According to the allegations of the complaint plaintiff, up to the time of his resignation, had the exclusive possession of the bank book. He also had the check book which contained stubs, after the usual fashion, on which plaintiff made entries corresponding to the entries made on the check. What opportunity would he have to compare the checks with the stubs and determine whether or not there were any forgeries if the checks were to be delivered into the possession of the Beaver Falls Savings and Loan Association? The pitfalls to which he might be exposed are clearly pointed out by the court in the case of Interstate Hosiery Mills, Inc., v. First National Bank of Lansdale, supra, and the other cases cited in the forepart of this opinion.

*300We are of the opinion that plaintiff has set forth in his complaint sufficient allegations of fact to entitle him to judgment in his favor if the defendant admits them to be facts when defendant files its answer. The third preliminary objection must be overruled.

We have carefully read the briefs of argument filed by both parties and examined the authorities mentioned therein. It seems to us that defendant has the wrong concept of what the issue in the case is when he cites many cases to show that when a bank account is carried in a particular fashion, under some circumstances the depositor is the owner of the fund and under other circumstances the cestui que trust is the owner of the fund. None of the cases point to any statement by any court in any State to the effect that the bank has no obligation to return the canceled checks of a depositor to the depositor himself, even though he is only a trustee of the account.

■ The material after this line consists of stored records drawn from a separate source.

(* Let $G$ be a connected graph. Then $KB_e(G)$ is connected if and only if there is no set of vertices $S \subsetneq V(G)$ such that (i) $N_{\overline{S}}(v)=N_{\overline{S}}(w)$ for every $v,w\in S$, and (ii) the induced subgraph $G[S]$ has at least one edge.
   Context: All graphs are finite, simple and undirected. A biclique of a graph $G$ is a maximal (with respect to inclusion) induced subgraph of $G$ that is a complete bipartite graph $K_{p,q}$ with $p,q\ge 1$. The edge-biclique graph $KB_e(G)$ is the graph with one vertex for each biclique of $G$, in which two distinct vertices are adjacent if and only if the corresponding bicliques of $G$ have at least one edge in common. For $S\subseteq V(G)$, $\overline{S}=V(G)\setminus S$, and for a vertex $v$, $N_{\overline{S}}(v)=N(v)\cap \overline{S}$ is the set of neighbours of $v$ lying in $\overline{S}$. *)

theory Defs
  imports Main
begin

definition simple_graph :: "'a set \<Rightarrow> ('a \<Rightarrow> 'a \<Rightarrow> bool) \<Rightarrow> bool" where
  "simple_graph V E \<longleftrightarrow> finite V \<and> (\<forall>u v. E u v \<longrightarrow> u \<in> V \<and> v \<in> V)
     \<and> (\<forall>u v. E u v \<longrightarrow> E v u) \<and> (\<forall>v. \<not> E v v)"

definition connected_on :: "'b set \<Rightarrow> ('b \<Rightarrow> 'b \<Rightarrow> bool) \<Rightarrow> bool" where
  "connected_on W R \<longleftrightarrow>
     (\<forall>u\<in>W. \<forall>v\<in>W. (\<lambda>x y. x \<in> W \<and> y \<in> W \<and> R x y)\<^sup>*\<^sup>* u v)"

We can conceive a system whereby a savings and loan association can require canceled checks drawn by its solicitor to be returned by the drawee bank to the association offices rather than to the solicitor. It is possible that, where the association makes its check payable direct to its solicitor rather than to the borrower, or deposits the money to the credit of its solicitor, the association retains the beneficial ownership of the entire fund. The solicitor is only its agent for distribution just as their secretary might be. The checks issued by the solicitor and drawn on that fund aré the association’s checks. The association, in that event, is the depositor. We do not have such a situation in the case we are considering. If plaintiff proves the facts alleged in the complaint he will show that the association pays directly to the borrower and the borrower hands the check to plaintiff, who thereupon becomes the depositor, the agent of the mortgagor. The association parts with all beneficial ownership in the money. The money is the *301property of the borrower and the solicitor becomes the depositor. The checks drawn on the fund are the solicitor’s cheeks, not the association’s checks, and he is entitled to their return when canceled. The association is protected by getting possession of the check paid to the borrower by it when that check is returned “canceled” by the bank.

Entertaining these views we make the following

Order

Now, January 31, 1951, the preliminary objections filed at the above stated term and number are overruled, and it is ordered that defendant file an answer to the allegations set forth in plaintiff’s complaint within 20 days from the date of notice of this order; upon failure of defendant to file a responsive answer within 20 days from the date of notice, plaintiff may enter judgment in favor of plaintiff and against defendant pro confesso by praecipe to the prothonotary.